[Opening Records supplied section]
(* Let $G_*$ be a (not necessarily symmetric) crossed simplicial group with structural projection $\pi\colon G_*\to N_*$, and suppose there exists a morphism of simplicial sets $\eta\colon N_*\to G_*$ with $\pi\circ\eta=\mathrm{id}_{N_*}$. Then $\pi\colon G_*\to N_*$ is a Kan fibration of simplicial sets.
   Context: A crossed simplicial group $G_*$ consists of groups $G_n$ ($n\ge0$), a left action of $G_n$ on $[n]=\{0,\dots,n\}$, and maps $d_i\colon G_n\to G_{n-1}$, $s_i\colon G_n\to G_{n+1}$ making $G_*$ a simplicial set, such that $d_i(gh)=d_i(g)d_{g^{-1}(i)}(h)$ and $s_i(gh)=s_i(g)s_{g^{-1}(i)}(h)$. By the structure theorem of Fiedorowicz–Loday and Krasauskas there is a canonical short exact sequence of crossed simplicial groups $1\to P_*\to G_*\xrightarrow{\pi}N_*\to1$ where $P_*$ is a simplicial group and $N_*$ is one of the seven crossed simplicial groups $\{1\}, C_*, \mathbb{Z}/2, S_*, D_*, \mathbb{Z}/2\times S_*, H_*$; $\pi$ is called the structural projection. *)

theory Defs
  imports "HOL-Algebra.Group"
begin

text \<open>The face map d n i sends
  X (Suc n) to X n (for i \<le> Suc n); the degeneracy s n i sends X n to
  X (Suc n) (for i \<le> n).\<close>

definition simplicial_set ::
  "(nat \<Rightarrow> 'a set) \<Rightarrow> (nat \<Rightarrow> nat \<Rightarrow> 'a \<Rightarrow> 'a) \<Rightarrow> (nat \<Rightarrow> nat \<Rightarrow> 'a \<Rightarrow> 'a) \<Rightarrow> bool" where
  "simplicial_set X d s \<longleftrightarrow>
     (\<forall>n i x. i \<le> Suc n \<longrightarrow> x \<in> X (Suc n) \<longrightarrow> d n i x \<in> X n) \<and>
     (\<forall>n i x. i \<le> n \<longrightarrow> x \<in> X n \<longrightarrow> s n i x \<in> X (Suc n)) \<and>
     (\<forall>n i j x. i < j \<longrightarrow> j \<le> Suc (Suc n) \<longrightarrow> x \<in> X (Suc (Suc n)) \<longrightarrow>
        d n i (d (Suc n) j x) = d n (j - 1) (d (Suc n) i x)) \<and>
     (\<forall>n i j x. i < j \<longrightarrow> j \<le> Suc n \<longrightarrow> x \<in> X (Suc n) \<longrightarrow>
        d (Suc n) i (s (Suc n) j x) = s n (j - 1) (d n i x)) \<and>
     (\<forall>n j x. j \<le> n \<longrightarrow> x \<in> X n \<longrightarrow> d n j (s n j x) = x \<and> d n (Suc j) (s n j x) = x) \<and>
     (\<forall>n i j x. Suc j < i \<longrightarrow> i \<le> Suc (Suc n) \<longrightarrow> x \<in> X (Suc n) \<longrightarrow>
        d (Suc n) i (s (Suc n) j x) = s n j (d n (i - 1) x)) \<and>
     (\<forall>n i j x. i \<le> j \<longrightarrow> j \<le> n \<longrightarrow> x \<in> X n \<longrightarrow>
        s (Suc n) i (s n j x) = s (Suc n) (Suc j) (s n i x))"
[Closing Records supplied section]
**Assignment:** For the records above, restate every line word for word.

**Exercise result:**
(* Let $G_*$ be a (not necessarily symmetric) crossed simplicial group with structural projection $\pi\colon G_*\to N_*$, and suppose there exists a morphism of simplicial sets $\eta\colon N_*\to G_*$ with $\pi\circ\eta=\mathrm{id}_{N_*}$. Then $\pi\colon G_*\to N_*$ is a Kan fibration of simplicial sets.
   Context: A crossed simplicial group $G_*$ consists of groups $G_n$ ($n\ge0$), a left action of $G_n$ on $[n]=\{0,\dots,n\}$, and maps $d_i\colon G_n\to G_{n-1}$, $s_i\colon G_n\to G_{n+1}$ making $G_*$ a simplicial set, such that $d_i(gh)=d_i(g)d_{g^{-1}(i)}(h)$ and $s_i(gh)=s_i(g)s_{g^{-1}(i)}(h)$. By the structure theorem of Fiedorowicz–Loday and Krasauskas there is a canonical short exact sequence of crossed simplicial groups $1\to P_*\to G_*\xrightarrow{\pi}N_*\to1$ where $P_*$ is a simplicial group and $N_*$ is one of the seven crossed simplicial groups $\{1\}, C_*, \mathbb{Z}/2, S_*, D_*, \mathbb{Z}/2\times S_*, H_*$; $\pi$ is called the structural projection. *)

theory Defs
  imports "HOL-Algebra.Group"
begin

text \<open>The face map d n i sends
  X (Suc n) to X n (for i \<le> Suc n); the degeneracy s n i sends X n to
  X (Suc n) (for i \<le> n).\<close>

definition simplicial_set ::
  "(nat \<Rightarrow> 'a set) \<Rightarrow> (nat \<Rightarrow> nat \<Rightarrow> 'a \<Rightarrow> 'a) \<Rightarrow> (nat \<Rightarrow> nat \<Rightarrow> 'a \<Rightarrow> 'a) \<Rightarrow> bool" where
  "simplicial_set X d s \<longleftrightarrow>
     (\<forall>n i x. i \<le> Suc n \<longrightarrow> x \<in> X (Suc n) \<longrightarrow> d n i x \<in> X n) \<and>
     (\<forall>n i x. i \<le> n \<longrightarrow> x \<in> X n \<longrightarrow> s n i x \<in> X (Suc n)) \<and>
     (\<forall>n i j x. i < j \<longrightarrow> j \<le> Suc (Suc n) \<longrightarrow> x \<in> X (Suc (Suc n)) \<longrightarrow>
        d n i (d (Suc n) j x) = d n (j - 1) (d (Suc n) i x)) \<and>
     (\<forall>n i j x. i < j \<longrightarrow> j \<le> Suc n \<longrightarrow> x \<in> X (Suc n) \<longrightarrow>
        d (Suc n) i (s (Suc n) j x) = s n (j - 1) (d n i x)) \<and>
     (\<forall>n j x. j \<le> n \<longrightarrow> x \<in> X n \<longrightarrow> d n j (s n j x) = x \<and> d n (Suc j) (s n j x) = x) \<and>
     (\<forall>n i j x. Suc j < i \<longrightarrow> i \<le> Suc (Suc n) \<longrightarrow> x \<in> X (Suc n) \<longrightarrow>
        d (Suc n) i (s (Suc n) j x) = s n j (d n (i - 1) x)) \<and>
     (\<forall>n i j x. i \<le> j \<longrightarrow> j \<le> n \<longrightarrow> x \<in> X n \<longrightarrow>
        s (Suc n) i (s n j x) = s (Suc n) (Suc j) (s n i x))"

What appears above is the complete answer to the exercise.